TP6 (Rechtswissenschaft & Digital Humanities): Legal LOD – Konzept-basierte Erschließung von mehrsprachigen europäischen Rechtstexten
The subject of the legal sub-project is the development of a multilingual corpus of European legal texts relating to digitization, such as the Digital Services Act 19 October 2022 (Regulation 2022/2065). This type of text is available in the 24 official languages of the EU, whereby all language versions are equally binding and are therefore in principle considered to have the same content, whereby the principle of equality of EU law is to be realized in all Member States. However, due to the complex editing, coordination and translation processes, there are always differences in detail that cannot be found and clarified using the simple synoptic display on the EUR-Lex platform.
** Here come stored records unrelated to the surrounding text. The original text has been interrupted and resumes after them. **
(* Let $A$ be a circular $m\times n$ matrix, $b\in\mathbb{Z}_+^m$ and $\beta$ a nonnegative integer. Then the polytope $Q_\beta(A,b):=\{x\in\mathbb{R}^n: Ax\ge b,\ x\ge0,\ \mathbf{1}^Tx=\beta\}$ is integral (all its vertices are integral).
   Context: Notation: $[n]=\{1,\dots,n\}$ with addition mod $n$; for $a,c\in[n]$ with $t\ge0$ minimal such that $a+t\equiv c\pmod n$, $[a,c)_n=\{a,a+1,\dots,a+t-1\}$ (mod $n$). An $m\times n$ $\{0,1\}$-matrix $A$ (columns indexed by $[n]$) is circular if for each row $i$ there are $\ell_i\in[n]$ and an integer $k_i$ with $2\le k_i\le n-1$ such that row $i$ is the incidence vector of $[\ell_i,\ell_i+k_i)_n$. $\mathbf{1}$ denotes the all-ones vector. *)

theory Defs
  imports Complex_Main
begin

text \<open>Columns are indexed by 0..<n (instead of 1..n), rows by 0..<m; addition of
column indices is mod n. Vectors in R^n are functions nat => real vanishing outside 0..<n.\<close>

definition circular_matrix :: "nat \<Rightarrow> nat \<Rightarrow> (nat \<Rightarrow> nat \<Rightarrow> real) \<Rightarrow> bool" where
  "circular_matrix m n A \<longleftrightarrow>
     (\<forall>i<m. \<exists>l<n. \<exists>k::nat. 2 \<le> k \<and> k \<le> n - 1 \<and>
        (\<forall>j<n. A i j = (if \<exists>t<k. j = (l + t) mod n then 1 else 0)))"

definition Q_poly :: "nat \<Rightarrow> nat \<Rightarrow> (nat \<Rightarrow> nat \<Rightarrow> real) \<Rightarrow> (nat \<Rightarrow> int) \<Rightarrow> nat \<Rightarrow> (nat \<Rightarrow> real) set" where
  "Q_poly m n A b \<beta> = {x. (\<forall>j. n \<le> j \<longrightarrow> x j = 0)
       \<and> (\<forall>i<m. (\<Sum>j<n. A i j * x j) \<ge> real_of_int (b i))
       \<and> (\<forall>j<n. x j \<ge> 0)
       \<and> (\<Sum>j<n. x j) = real \<beta>}"

definition is_vertex :: "(nat \<Rightarrow> real) set \<Rightarrow> (nat \<Rightarrow> real) \<Rightarrow> bool" where
  "is_vertex P x \<longleftrightarrow> x \<in> P \<and>
     \<not> (\<exists>y\<in>P. \<exists>z\<in>P. y \<noteq> z \<and> (\<exists>t::real. 0 < t \<and> t < 1 \<and> x = (\<lambda>j. t * y j + (1 - t) * z j)))"

definition integral_polytope :: "(nat \<Rightarrow> real) set \<Rightarrow> bool" where
  "integral_polytope P \<longleftrightarrow> (\<forall>x. is_vertex P x \<longrightarrow> (\<forall>j. x j \<in> \<int>))"

end

theory Submission
  imports Defs
begin

text \<open>A row of a circular matrix sums x over a cyclic interval, so with the prefix
sums S p = x 0 + ... + x (p-1) its value is S p - S q + S r where r = 0 or p = n.
Suppose some S p0 is not an integer, and let g p (prefix_class) be the indicator of
S p - S p0 being an integer, 0 \<le> p \<le> n. The jumps d j = g (j+1) - g j (class_jump)
form a nonzero direction which vanishes where x j = 0 (then S (j+1) - S j is an
integer), sums to g n - g 0 = 0 (S n = \<beta>), and vanishes on every tight row: there
S p - S q + S r is the integer b i, so the prefix sums whose g-values enter the row
value of d pairwise differ by integers. Hence x \<plusminus> \<epsilon> d lie in the polytope for small
\<epsilon> > 0, and x is not a vertex.\<close>

lemma cyclic_window_iff:
  fixes j l k n :: nat
  assumes "j < n" "l < n" "k \<le> n"
  shows "(\<exists>t<k. j = (l + t) mod n) \<longleftrightarrow> l \<le> j \<and> j < l + k \<or> j + n < l + k"
proof
  assume "\<exists>t<k. j = (l + t) mod n"
  then obtain t where t: "t < k" "j = (l + t) mod n" by blast
  show "l \<le> j \<and> j < l + k \<or> j + n < l + k"
  proof (cases "l + t < n")
    case True
    then show ?thesis using t by simp
  next
    case False
    then have "j = l + t - n"
      using t assms by (simp add: le_mod_geq)
    then show ?thesis using t False by linarith
  qed
next
  assume "l \<le> j \<and> j < l + k \<or> j + n < l + k"
  then show "\<exists>t<k. j = (l + t) mod n"
  proof
    assume "l \<le> j \<and> j < l + k"
    then show ?thesis using assms by (intro exI[of _ "j - l"]) auto
  next
    assume "j + n < l + k"
    then show ?thesis using assms by (intro exI[of _ "j + n - l"]) auto
  qed
qed

lemma circular_row_prefix_sums:
  assumes "circular_matrix m n A" "i < m"
  obtains p q r where "p \<le> n" "q \<le> n" "r \<le> n" "r = 0 \<or> p = n"
    "\<And>v. (\<Sum>j<n. A i j * v j) = (\<Sum>j<p. v j) - (\<Sum>j<q. v j) + (\<Sum>j<r. v j)"
proof -
  obtain l k where lk: "l < n" "k \<le> n - 1"
    and row: "\<forall>j<n. A i j = (if \<exists>t<k. j = (l + t) mod n then 1 else 0)"
    using assms unfolding circular_matrix_def by blast
  have k: "k \<le> n" using lk by simp
  define p where "p = min (l + k) n"
  define r where "r = l + k - n"
  have windows: "{j \<in> {..<n}. l \<le> j \<and> j < l + k} = {l..<p}" "{j \<in> {..<n}. j + n < l + k} = {..<r}"
    using lk k by (auto simp: p_def r_def)
  have row_eq: "(\<Sum>j<n. A i j * v j) = (\<Sum>j<p. v j) - (\<Sum>j<l. v j) + (\<Sum>j<r. v j)" for v
  proof -
    have "(\<Sum>j<n. A i j * v j)
        = (\<Sum>j<n. (if l \<le> j \<and> j < l + k then v j else 0) + (if j + n < l + k then v j else 0))"
      using lk k by (intro sum.cong) (auto simp: row cyclic_window_iff)
    also have "\<dots> = (\<Sum>j\<in>{l..<p}. v j) + (\<Sum>j<r. v j)"
      by (simp only: sum.distrib sum.inter_filter[symmetric] finite_lessThan windows)
    also have "(\<Sum>j\<in>{l..<p}. v j) = (\<Sum>j<p. v j) - (\<Sum>j<l. v j)"
      using sum_diff_nat_ivl[of 0 l p v] lk by (simp add: p_def atLeast0LessThan)
    finally show ?thesis .
  qed
  show thesis
    by (rule that[OF _ _ _ _ row_eq]) (use lk k in \<open>auto simp: p_def r_def\<close>)
qed

lemma small_perturbation_nonneg:
  fixes s c :: "'a \<Rightarrow> real"
  assumes "finite I" "\<And>k. k \<in> I \<Longrightarrow> 0 \<le> s k" "\<And>k. k \<in> I \<Longrightarrow> s k = 0 \<Longrightarrow> c k = 0"
  shows "\<exists>\<epsilon>>0. \<forall>e. \<bar>e\<bar> \<le> \<epsilon> \<longrightarrow> (\<forall>k\<in>I. 0 \<le> s k + e * c k)"
  using assms
proof (induction I rule: finite_induct)
  case empty
  show ?case by (intro exI[of _ 1]) simp
next
  case (insert k I)
  then obtain \<epsilon> where \<epsilon>: "\<epsilon> > 0" "\<forall>e. \<bar>e\<bar> \<le> \<epsilon> \<longrightarrow> (\<forall>k\<in>I. 0 \<le> s k + e * c k)"
    by blast
  define \<delta> where "\<delta> = (if s k = 0 then \<epsilon> else min \<epsilon> (s k / (\<bar>c k\<bar> + 1)))"
  have "0 \<le> s k + e * c k" if "\<bar>e\<bar> \<le> \<delta>" for e
  proof (cases "s k = 0")
    case False
    have "\<bar>e\<bar> \<le> s k / (\<bar>c k\<bar> + 1)"
      using that False by (simp add: \<delta>_def)
    then have "\<bar>e * c k\<bar> \<le> s k / (\<bar>c k\<bar> + 1) * \<bar>c k\<bar>"
      unfolding abs_mult by (rule mult_right_mono) simp
    also have "\<dots> \<le> s k"
      using insert.prems(1)[of k] by (simp add: divide_le_eq mult_left_mono)
    finally show ?thesis by linarith
  qed (use insert.prems in auto)
  moreover have "\<delta> > 0" "\<delta> \<le> \<epsilon>"
    using \<epsilon>(1) insert.prems(1)[of k] by (auto simp: \<delta>_def)
  ultimately show ?case
    using \<epsilon>(2) by (intro exI[of _ \<delta>]) auto
qed

lemma Q_poly_perturbation:
  assumes x: "x \<in> Q_poly m n A b \<beta>"
    and "\<And>j. n \<le> j \<Longrightarrow> d j = 0" "\<And>j. j < n \<Longrightarrow> x j = 0 \<Longrightarrow> d j = 0"
    and "(\<Sum>j<n. d j) = 0"
    and "\<And>i. i < m \<Longrightarrow> (\<Sum>j<n. A i j * x j) = b i \<Longrightarrow> (\<Sum>j<n. A i j * d j) = 0"
  shows "\<exists>\<epsilon>>0. \<forall>e. \<bar>e\<bar> \<le> \<epsilon> \<longrightarrow> (\<lambda>j. x j + e * d j) \<in> Q_poly m n A b \<beta>"
proof -
  have x_Q: "\<forall>j. n \<le> j \<longrightarrow> x j = 0" "\<forall>i<m. (\<Sum>j<n. A i j * x j) \<ge> b i"
    "\<forall>j<n. x j \<ge> 0" "(\<Sum>j<n. x j) = \<beta>"
    using x unfolding Q_poly_def by auto
  obtain \<epsilon>1 where \<epsilon>1: "\<epsilon>1 > 0" "\<forall>e. \<bar>e\<bar> \<le> \<epsilon>1 \<longrightarrow> (\<forall>j\<in>{..<n}. 0 \<le> x j + e * d j)"
    using small_perturbation_nonneg[of "{..<n}" x d] x_Q assms(3) by auto
  obtain \<epsilon>2 where \<epsilon>2: "\<epsilon>2 > 0" "\<forall>e. \<bar>e\<bar> \<le> \<epsilon>2 \<longrightarrow>
      (\<forall>i\<in>{..<m}. 0 \<le> ((\<Sum>j<n. A i j * x j) - b i) + e * (\<Sum>j<n. A i j * d j))"
    using small_perturbation_nonneg[of "{..<m}" "\<lambda>i. (\<Sum>j<n. A i j * x j) - b i"
        "\<lambda>i. \<Sum>j<n. A i j * d j"] x_Q assms(5) by auto
  have "(\<lambda>j. x j + e * d j) \<in> Q_poly m n A b \<beta>" if "\<bar>e\<bar> \<le> min \<epsilon>1 \<epsilon>2" for e
    using that \<epsilon>1 \<epsilon>2 x_Q assms(2,4)
    by (auto simp: Q_poly_def sum.distrib algebra_simps sum_distrib_left[symmetric])
  then show ?thesis
    using \<epsilon>1(1) \<epsilon>2(1) by (intro exI[of _ "min \<epsilon>1 \<epsilon>2"]) auto
qed

lemma not_vertex_if_two_sided_perturbation:
  assumes "(\<lambda>j. x j + e * d j) \<in> P" "(\<lambda>j. x j - e * d j) \<in> P" "e \<noteq> 0" "d j \<noteq> 0"
  shows "\<not> is_vertex P x"
proof -
  let ?y = "\<lambda>j. x j + e * d j" and ?z = "\<lambda>j. x j - e * d j"
  have "?y \<noteq> ?z"
    using assms(3,4) by (auto dest: fun_cong[where x = j])
  moreover have "x = (\<lambda>j. 1/2 * ?y j + (1 - 1/2) * ?z j)"
    by (simp add: algebra_simps)
  ultimately have "\<exists>y\<in>P. \<exists>z\<in>P. y \<noteq> z \<and> (\<exists>t::real. 0 < t \<and> t < 1 \<and> x = (\<lambda>j. t * y j + (1 - t) * z j))"
    using assms(1,2) by (intro bexI[of _ ?y] bexI[of _ ?z] conjI exI[of _ "1/2"]) auto
  then show ?thesis
    unfolding is_vertex_def by blast
qed

definition prefix_class :: "(nat \<Rightarrow> real) \<Rightarrow> nat \<Rightarrow> nat \<Rightarrow> real" where
  "prefix_class x p0 p = (if (\<Sum>j<p. x j) - (\<Sum>j<p0. x j) \<in> \<int> then 1 else 0)"

definition class_jump :: "nat \<Rightarrow> (nat \<Rightarrow> real) \<Rightarrow> nat \<Rightarrow> nat \<Rightarrow> real" where
  "class_jump n x p0 j = (if j < n then prefix_class x p0 (Suc j) - prefix_class x p0 j else 0)"

lemma prefix_class_cong:
  assumes "(\<Sum>j<p. x j) - (\<Sum>j<q. x j) \<in> \<int>"
  shows "prefix_class x p0 p = prefix_class x p0 q"
proof -
  have "(\<Sum>j<p. x j) - (\<Sum>j<p0. x j) \<in> \<int> \<longleftrightarrow> (\<Sum>j<q. x j) - (\<Sum>j<p0. x j) \<in> \<int>"
    using Ints_add[OF _ assms, of "(\<Sum>j<q. x j) - (\<Sum>j<p0. x j)"]
      Ints_diff[OF _ assms, of "(\<Sum>j<p. x j) - (\<Sum>j<p0. x j)"]
    by (auto simp: algebra_simps)
  then show ?thesis
    by (simp add: prefix_class_def)
qed

lemma sum_class_jump:
  assumes "p \<le> n"
  shows "(\<Sum>j<p. class_jump n x p0 j) = prefix_class x p0 p - prefix_class x p0 0"
proof -
  have "(\<Sum>j<p. class_jump n x p0 j) = (\<Sum>j<p. prefix_class x p0 (Suc j) - prefix_class x p0 j)"
    using assms by (intro sum.cong) (auto simp: class_jump_def)
  then show ?thesis
    by (simp add: sum_lessThan_telescope)
qed

lemma class_jump_eq_0_if_Ints:
  assumes "x j \<in> \<int>"
  shows "class_jump n x p0 j = 0"
  using assms prefix_class_cong[where p = "Suc j" and q = j and x = x] by (simp add: class_jump_def)

lemma class_jump_nonzero:
  assumes "p0 \<le> n" "(\<Sum>j<p0. x j) \<notin> \<int>"
  obtains j where "class_jump n x p0 j \<noteq> 0"
proof -
  have "(\<Sum>j<p0. class_jump n x p0 j) = 1"
    using assms by (simp add: sum_class_jump prefix_class_def minus_in_Ints_iff)
  then show thesis
    using that by (metis sum.neutral zero_neq_one)
qed

lemma circular_row_class_jump:
  assumes "circular_matrix m n A" "i < m"
    and "(\<Sum>j<n. x j) \<in> \<int>" "(\<Sum>j<n. A i j * x j) \<in> \<int>"
  shows "(\<Sum>j<n. A i j * class_jump n x p0 j) = 0"
proof -
  obtain p q r where pqr: "p \<le> n" "q \<le> n" "r \<le> n" "r = 0 \<or> p = n"
    and row: "\<And>v. (\<Sum>j<n. A i j * v j) = (\<Sum>j<p. v j) - (\<Sum>j<q. v j) + (\<Sum>j<r. v j)"
    using circular_row_prefix_sums[OF assms(1,2)] by blast
  let ?g = "prefix_class x p0"
  have "(\<Sum>j<n. A i j * class_jump n x p0 j) = ?g p - ?g q + ?g r - ?g 0"
    using pqr by (simp add: row sum_class_jump)
  also have "\<dots> = 0"
    using pqr(4)
  proof
    assume "r = 0"
    then have "(\<Sum>j<p. x j) - (\<Sum>j<q. x j) \<in> \<int>"
      using assms(4) by (simp add: row)
    then show ?thesis
      using \<open>r = 0\<close> by (simp add: prefix_class_cong)
  next
    assume "p = n"
    then have "(\<Sum>j<r. x j) - (\<Sum>j<q. x j) = (\<Sum>j<n. A i j * x j) - (\<Sum>j<n. x j)"
      by (simp add: row)
    then have "(\<Sum>j<r. x j) - (\<Sum>j<q. x j) \<in> \<int>"
      using assms(3,4) by simp
    moreover have "?g n = ?g 0"
      using assms(3) by (intro prefix_class_cong) simp
    ultimately show ?thesis
      using \<open>p = n\<close> by (simp add: prefix_class_cong)
  qed
  finally show ?thesis .
qed

lemma vertex_prefix_sum_Ints:
  assumes "circular_matrix m n A" "is_vertex (Q_poly m n A b \<beta>) x" "p \<le> n"
  shows "(\<Sum>j<p. x j) \<in> \<int>"
proof (rule ccontr)
  assume frac: "(\<Sum>j<p. x j) \<notin> \<int>"
  let ?Q = "Q_poly m n A b \<beta>" and ?d = "class_jump n x p"
  have x: "x \<in> ?Q"
    using assms(2) unfolding is_vertex_def by blast
  then have total: "(\<Sum>j<n. x j) = \<beta>"
    unfolding Q_poly_def by blast
  have "(\<Sum>j<n. ?d j) = 0"
    using total prefix_class_cong[where p = n and q = 0 and x = x] by (simp add: sum_class_jump)
  moreover have "?d j = 0" if "n \<le> j" for j
    using that by (simp add: class_jump_def)
  moreover have "(\<Sum>j<n. A i j * ?d j) = 0" if "i < m" "(\<Sum>j<n. A i j * x j) = b i" for i
    using that total by (intro circular_row_class_jump[OF assms(1)]) auto
  ultimately obtain \<epsilon> where \<epsilon>: "\<epsilon> > 0" "\<forall>e. \<bar>e\<bar> \<le> \<epsilon> \<longrightarrow> (\<lambda>j. x j + e * ?d j) \<in> ?Q"
    using Q_poly_perturbation[OF x, of ?d] class_jump_eq_0_if_Ints by force
  then have "(\<lambda>j. x j + \<epsilon> * ?d j) \<in> ?Q" "(\<lambda>j. x j - \<epsilon> * ?d j) \<in> ?Q"
    using \<epsilon>(2)[rule_format, of "- \<epsilon>"] by auto
  moreover obtain j where "?d j \<noteq> 0"
    using class_jump_nonzero[OF assms(3) frac] .
  ultimately have "\<not> is_vertex ?Q x"
    using \<epsilon>(1) not_vertex_if_two_sided_perturbation[where e = \<epsilon> and d = ?d] by auto
  then show False
    using assms(2) by blast
qed

lemma Ints_if_prefix_sums_Ints:
  fixes x :: "nat \<Rightarrow> real"
  assumes "\<And>p. p \<le> n \<Longrightarrow> (\<Sum>j<p. x j) \<in> \<int>" "\<And>j. n \<le> j \<Longrightarrow> x j = 0"
  shows "x j \<in> \<int>"
proof (cases "j < n")
  case True
  have "x j = (\<Sum>i<Suc j. x i) - (\<Sum>i<j. x i)"
    by simp
  then show ?thesis
    using True assms(1)[of "Suc j"] assms(1)[of j] by simp
qed (use assms(2) in simp)

theorem lemma3p1:
  fixes m n :: nat and A :: "nat \<Rightarrow> nat \<Rightarrow> real" and b :: "nat \<Rightarrow> int" and \<beta> :: nat
  assumes "circular_matrix m n A"
    and "\<forall>i<m. b i \<ge> 0"
  shows "integral_polytope (Q_poly m n A b \<beta>)"
  unfolding integral_polytope_def
proof (intro allI impI)
  fix x j
  assume vertex: "is_vertex (Q_poly m n A b \<beta>) x"
  then have "\<And>j. n \<le> j \<Longrightarrow> x j = 0"
    unfolding is_vertex_def Q_poly_def by blast
  then show "x j \<in> \<int>"
    using vertex_prefix_sum_Ints[OF assms(1) vertex] by (rule Ints_if_prefix_sums_Ints[rotated])
qed

end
The sub-project aims to solve this problem by: (a) automatically aligning the legal texts sentence by sentence; (b) identifying key legal terms and other concepts and making them available as an LOD-enabled ontology; (c) annotating these concepts across the translations (first manually, then automatically); and finally (d) enabling a concept-guided search for term usages and definitions of relevant terms across different language versions, so that passages that differ in detail can be identified and their significance for Europe-wide national case law can be assessed. The free availability of the texts and their availability in semi-structured HTML format are conducive to this project.
TP7 Querschnittsprojekt: Integration und Föderation von LOD-Ressourcen: Domänenüber-greifende Modellierung geisteswiss. Fachwissens
The sub-project is intended to provide methodological and conceptual support by developing one or more data models for specialist knowledge in the humanities in consultation with the other TPs involved in the network and facilitating their integration into the common knowledge graph. In terms of the formal description of knowledge, the techniques commonly used to organize and represent knowledge, such as catalogs, glossaries, taxonomies, classifications, thesauri, semantic networks, ontologies and frames, are tested for their applicability in the respective project situations. The approach is modular, i.e. a distinction is made between cross-domain and domain-specific entities and predicates.
INF (TCDH und UB): Infrastruktur für LOD und Support (Burch, Schirra, Röpke)
As a cross-sectional project, the INF sub-project is intended to implement central technical requirements and methods for the other sub-projects and thus lay the foundations for the interoperability of the data modeled in the TPs and support professional research data management (RDM). The software basis for this is the general Wikidata platform (www.wikidata.org) on the one hand and a separate Wikibase instance on the other, which can accommodate project-specific data that initially does not have general Wikidata identifiers but is nevertheless stored in a Wikidata framework and can be interoperably linked with other parts of the knowledge graph that is created in LODinG. Technically, WikiData, like all projects operated by the Wikimedia Foundation, is based on MediaWiki and uses a Wikibase consisting of a repository to store structured data. The INF project is developing interfaces for this framework in order to be able to synchronize data.